US 12,425,419 B2
Lightweight attacker identification method for federated learning with secure byzantine-robust aggregation via clustering
Paulo Abelha Ferreira, Rio de Janeiro (BR); Pablo Nascimento da Silva, Niterói (BR); and Maira Beatriz Hernandez Moran, Rio de Janeiro (BR)
Assigned to Dell Products L.P., Round Rock, TX (US)
Filed by Dell Products L.P., Round Rock, TX (US)
Filed on Dec. 13, 2022, as Appl. No. 18/065,064.
Prior Publication US 2024/0195816 A1, Jun. 13, 2024
Int. Cl. H04L 9/40 (2022.01); G06N 20/00 (2019.01)
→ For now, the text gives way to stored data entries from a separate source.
text \<open>The sum 0 + 1 + ... + (n-1) is divisible by n exactly when n is odd; this is the
  parity obstruction behind both constructions.\<close>
lemma dvd_sum_lessThan_iff:
  fixes n :: nat
  assumes "n > 0"
  shows "n dvd (\<Sum>i<n. i) \<longleftrightarrow> odd n"
proof
  assume "n dvd (\<Sum>i<n. i)"
  then obtain q where q: "(\<Sum>i<n. i) = n * q" by (elim dvdE)
  have "n * (2 * q) = n * (n - 1)" by (metis double_sum_lessThan mult.left_commute q)
  then have "2 * q = n - 1" using assms by auto
  then show "odd n" using assms by presburger
next
  assume "odd n"
  then have "even (n - 1)" using assms by simp
  then obtain q where "n - 1 = 2 * q" by (elim evenE)
  then have "2 * (\<Sum>i<n. i) = 2 * (n * q)" using double_sum_lessThan[of n] by simp
  then show "n dvd (\<Sum>i<n. i)" by simp
qed

lemma add_mod_right_cancel:
  fixes a b c n :: nat
  assumes "a < n" "b < n" "(a + c) mod n = (b + c) mod n"
  shows "a = b"
  using assms cong_add_rcancel_nat[of a c b n] cong_less_modulus_unique_nat
  unfolding cong_def by blast

lemma mod_less_double:
  fixes x n :: nat
  assumes "x < 2 * n"
  shows "x mod n = (if x < n then x else x - n)"
  using assms by (auto simp: mod_if le_mod_geq)

lemma sum_lessThan_split3:
  fixes g :: "nat \<Rightarrow> 'a :: comm_monoid_add"
  assumes "3 \<le> n"
  shows "(\<Sum>i<n. g i) = g 0 + g 1 + g 2 + (\<Sum>i = 3..<n. g i)"
proof -
  have "{..<n} = {..<3} \<union> {3..<n}" using assms by auto
  moreover have "sum g ({..<3} \<union> {3..<n}) = (\<Sum>i<3. g i) + (\<Sum>i = 3..<n. g i)"
    by (rule sum.union_disjoint) auto
  ultimately have "(\<Sum>i<n. g i) = (\<Sum>i<3. g i) + (\<Sum>i = 3..<n. g i)" by simp
  then show ?thesis by (simp add: numeral_3_eq_3 numeral_2_eq_2 add.assoc)
qed

lemma image_perm_lessThan:
  fixes g :: "nat \<Rightarrow> nat"
  assumes "inj_on g {..<n}" "\<forall>i<n. g i < n"
  shows "g ` {..<n} = {..<n}"
  using assms by (intro endo_inj_surj) auto

lemma sum_perm_lessThan:
  fixes g :: "nat \<Rightarrow> nat" and h :: "nat \<Rightarrow> 'a :: comm_monoid_add"
  assumes "inj_on g {..<n}" "\<forall>i<n. g i < n"
  shows "(\<Sum>i<n. h (g i)) = (\<Sum>i<n. h i)"
  using sum.reindex[OF assms(1), of h] image_perm_lessThan[OF assms] by simp

lemma ex1_preimage_perm_lessThan:
  fixes g :: "nat \<Rightarrow> nat"
  assumes inj: "inj_on g {..<n}" and range: "\<forall>i<n. g i < n" and "s < n"
  shows "\<exists>!x. x < n \<and> g x = s"
proof -
  obtain x where "x < n" "g x = s"
    using image_perm_lessThan[OF inj range] \<open>s < n\<close> by (metis imageE lessThan_iff)
  then show ?thesis using inj by (intro ex1I[of _ x]) (auto simp: inj_on_def)
qed

lemma latin_squareI:
  assumes range: "\<forall>i<n. \<forall>j<n. L i j < n"
    and rows: "\<forall>i<n. inj_on (L i) {..<n}"
    and cols: "\<forall>j<n. inj_on (\<lambda>i. L i j) {..<n}"
  shows "latin_square n L"
  unfolding latin_square_def
proof (intro conjI allI impI)
  fix i j assume "i < n" "j < n"
  then show "L i j < n" using range by blast
next
  fix i s assume "i < n" "s < n"
  then show "\<exists>!j. j < n \<and> L i j = s"
    by (intro ex1_preimage_perm_lessThan) (use rows range in auto)
next
  fix j s assume "j < n" "s < n"
  then show "\<exists>!i. i < n \<and> L i j = s"
    by (intro ex1_preimage_perm_lessThan) (use cols range in auto)
qed

lemma transversal_graph:
  assumes lat: "latin_square n L" and tr: "transversal n L T"
  obtains f where "\<forall>i<n. \<forall>j. (i, j) \<in> T \<longleftrightarrow> j = f i"
    and "inj_on f {..<n}" "\<forall>i<n. f i < n"
    and "inj_on (\<lambda>i. L i (f i)) {..<n}" "\<forall>i<n. L i (f i) < n"
proof -
  have sub: "T \<subseteq> {0..<n} \<times> {0..<n}" and rows: "\<forall>i<n. \<exists>!j. (i, j) \<in> T"
    and cols: "\<forall>j<n. \<exists>!i. (i, j) \<in> T" and symbols: "inj_on (\<lambda>(i, j). L i j) T"
    using tr unfolding transversal_def by auto
  define f where "f i = (THE j. (i, j) \<in> T)" for i
  have f_in: "(i, f i) \<in> T" if "i < n" for i
    unfolding f_def using theI'[OF rows[rule_format, OF that]] .
  have graph: "\<forall>i<n. \<forall>j. (i, j) \<in> T \<longleftrightarrow> j = f i"
  proof (intro allI impI)
    fix i j assume "i < n"
    then show "(i, j) \<in> T \<longleftrightarrow> j = f i"
      using f_in[of i] rows[rule_format, of i] by auto
  qed
  have f_range: "\<forall>i<n. f i < n" using f_in sub by fastforce
  have f_inj: "inj_on f {..<n}"
  proof (rule inj_onI)
    fix x y assume "x \<in> {..<n}" "y \<in> {..<n}" "f x = f y"
    then have "(x, f x) \<in> T" "(y, f x) \<in> T" "f x < n"
      using f_in[of x] f_in[of y] f_range by auto
    then show "x = y" using cols[rule_format, of "f x"] by auto
  qed
  have symbols_inj: "inj_on (\<lambda>i. L i (f i)) {..<n}"
  proof (rule inj_onI)
    fix x y assume "x \<in> {..<n}" "y \<in> {..<n}" "L x (f x) = L y (f y)"
    then have "(x, f x) = (y, f y)"
      using inj_onD[OF symbols, of "(x, f x)" "(y, f y)"] f_in[of x] f_in[of y] by simp
    then show "x = y" by simp
  qed
  have symbols_range: "\<forall>i<n. L i (f i) < n"
    using lat f_range unfolding latin_square_def by simp
  show thesis by (rule that[OF graph f_inj f_range symbols_inj symbols_range])
qed

text \<open>The key congruence: if the entries along the transversal f are obtained from the
  column index by a shift, L i (f i) = (s i (f i) + f i) mod n, then the shifts add up to
  0 modulo n, because both the columns and the symbols run through all of {0..<n}.\<close>
lemma shift_sum_along_transversal:
  fixes s :: "nat \<Rightarrow> nat \<Rightarrow> nat"
  assumes f_perm: "inj_on f {..<n}" "\<forall>i<n. f i < n"
    and symbol_perm: "inj_on (\<lambda>i. L i (f i)) {..<n}" "\<forall>i<n. L i (f i) < n"
    and shift: "\<forall>i<n. L i (f i) = (s i (f i) + f i) mod n"
  shows "[(\<Sum>i<n. s i (f i)) = 0] (mod n)"
proof -
  have "(\<Sum>i<n. i) = (\<Sum>i<n. L i (f i))"
    using sum_perm_lessThan[OF symbol_perm, of "\<lambda>x. x"] by simp
  also have "[\<dots> = (\<Sum>i<n. s i (f i) + f i)] (mod n)"
    by (rule cong_sum) (simp add: shift)
  also have "(\<Sum>i<n. s i (f i) + f i) = (\<Sum>i<n. s i (f i)) + (\<Sum>i<n. i)"
    using sum_perm_lessThan[OF f_perm, of "\<lambda>x. x"] by (simp add: sum.distrib)
  finally show ?thesis
    using cong_add_rcancel_0_nat cong_sym by blast
qed

section \<open>Even order: the cyclic square\<close>

definition cyclic_square :: "nat \<Rightarrow> nat \<Rightarrow> nat \<Rightarrow> nat" where
  "cyclic_square n i j = (i + j) mod n"

lemma cyclic_square_row_inj: "inj_on (cyclic_square n i) {..<n}"
proof (rule inj_onI)
  fix x y assume "x \<in> {..<n}" "y \<in> {..<n}" "cyclic_square n i x = cyclic_square n i y"
  then show "x = y"
    using add_mod_right_cancel[of x n y i] by (simp add: cyclic_square_def add.commute)
qed

lemma cyclic_square_latin:
  assumes "n > 0"
  shows "latin_square n (cyclic_square n)"
proof (rule latin_squareI)
  show "\<forall>i<n. \<forall>j<n. cyclic_square n i j < n"
    using assms by (simp add: cyclic_square_def)
  show "\<forall>i<n. inj_on (cyclic_square n i) {..<n}"
    using cyclic_square_row_inj by blast
  show "\<forall>j<n. inj_on (\<lambda>i. cyclic_square n i j) {..<n}"
  proof (intro allI impI inj_onI)
    fix j x y assume "x \<in> {..<n}" "y \<in> {..<n}" "cyclic_square n x j = cyclic_square n y j"
    then show "x = y"
      using add_mod_right_cancel[of x n y j] by (simp add: cyclic_square_def)
  qed
qed
(* Let $p$ be a prime, $q=p^n$, $\mathbb{Z}_q$ the valuation ring of the unramified extension of $\mathbb{Q}_p$ of degree $n$, and let $H(Z)=\sum_k h_k(x)Z^k\in\mathbb{Z}_q[x][Z]$ with $d_k:=\deg h_k$. Assume $h_0(x)\equiv 0\pmod p$ and $h_1(x)\equiv 1\pmod p$. Let $\Delta_{n,j}$ ($n\ge1$, $j\ge0$) be integers with $0\le\Delta_{n,0}\le\Delta_{n,1}\le\cdots$ for each $n$, put $\delta_j:=\Delta_{1,j}$, and assume: 1. $\Delta_{n+1,j}\ge\max\{\Delta_{n,j-l}+\delta_l : 0\le l\le j\}$ for all $n\ge1$, $j\ge0$; 2. $\delta_0\ge d_0$; 3. $\delta_j-\delta_{j-1}\ge d_1$ for all $j\ge1$; 4. $\delta_{k-1+j}\ge\Delta_{k,j}+d_k$ for all $k\ge2$, $j\ge0$. Then the unique solution $\alpha=\sum_{i\ge0}a_ix^i\in\mathbb{Z}_q\langle x\rangle$ of $H(\alpha)=0$ with $\alpha\equiv 0\pmod p$ satisfies $v_p(a_i)\ge j+2$ whenever $i\ge\delta_j+1$. Moreover, integers $\Delta_{n,j}$ satisfying these conditions always exist.
   Context: $\mathbb{Z}_q\langle x\rangle$ is the ring of overconvergent power series $\sum_i a_ix^i\in\mathbb{Z}_q[[x]]$ with $\liminf_{i\to\infty}v_p(a_i)/i>0$; $v_p$ is the $p$-adic valuation. *)

theory Defs
  imports "HOL-Library.Extended_Real" "HOL-Library.Liminf_Limsup"
    "HOL-Computational_Algebra.Polynomial_FPS"
begin

text \<open>Abstract characterisation of \<open>Z_q\<close> (q = p^m): the ring type 'a together with
  the normalised p-adic valuation v is a complete discrete valuation ring with
  uniformiser p and residue field of cardinality p^m.  (A complete DVR of mixed
  characteristic with uniformiser p and finite residue field F_q is, up to isomorphism,
  exactly the valuation ring Z_q of the unramified extension of Q_p of degree m.)\<close>
definition is_Zq :: "nat \<Rightarrow> nat \<Rightarrow> ('a::comm_ring_1 \<Rightarrow> enat) \<Rightarrow> bool" where
  "is_Zq p m v \<longleftrightarrow>
     m \<ge> 1 \<and>
     (\<forall>x. v x = \<infinity> \<longleftrightarrow> x = 0) \<and>
     (\<forall>x y. v (x * y) = v x + v y) \<and>
     (\<forall>x y. min (v x) (v y) \<le> v (x + y)) \<and>
     v (of_nat p) = 1 \<and>
     (\<forall>x. v x = 0 \<longleftrightarrow> x dvd 1) \<and>
     (\<forall>x. 1 \<le> v x \<longrightarrow> of_nat p dvd x) \<and>
     (\<forall>s::nat \<Rightarrow> 'a. (\<forall>k. \<exists>N. \<forall>i\<ge>N. enat k \<le> v (s i - s N)) \<longrightarrow>
         (\<exists>l. \<forall>k. \<exists>N. \<forall>i\<ge>N. enat k \<le> v (s i - l))) \<and>
     (\<exists>S. finite S \<and> card S = p ^ m \<and> (\<forall>x. \<exists>!s. s \<in> S \<and> 1 \<le> v (x - s)))"

definition overconvergent :: "('a::comm_ring_1 \<Rightarrow> enat) \<Rightarrow> 'a fps \<Rightarrow> bool" where
  "overconvergent v f \<longleftrightarrow>
     0 < liminf (\<lambda>i. ereal_of_enat (v (fps_nth f i)) / ereal (real i))"

definition eval_H :: "'a::comm_ring_1 poly poly \<Rightarrow> 'a fps \<Rightarrow> 'a fps" where
  "eval_H H \<alpha> = (\<Sum>k\<le>degree H. fps_of_poly (coeff H k) * \<alpha> ^ k)"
CPC H04L 63/1416 (2013.01) [G06N 20/00 (2019.01); H04L 63/20 (2013.01)] 18 Claims
OG exemplary drawing
 
1. A method, comprising:
performing a federated learning process comprising:
receiving, at a central node, a respective gradient from each node of a cluster, and each of the gradients comprises a respective update to a global machine learning model maintained at the central node;
aggregating, by the central node, the gradients to obtain an aggregated gradient for the cluster, and the aggregated gradient is part of a list of aggregated gradients;
running, by the central node, a robust aggregation operation on the aggregated gradients in the list to obtain an outlier score for the cluster;
when the outlier score equals or exceeds a specified value, or falls within a specified range of values, identifying the cluster as an outlier, and identifying nodes within the cluster as suspicious;
identifying one of the suspicious nodes as a Byzantine node; and
determining that the Byzantine node is carrying out a Byzantine attack on the central model, wherein the federated learning process is allowed to continue [1] notwithstanding the determination that the Byzantine attack is being carried out, and [2] without modifying an ongoing re-clustering operation that does not involve the Byzantine node.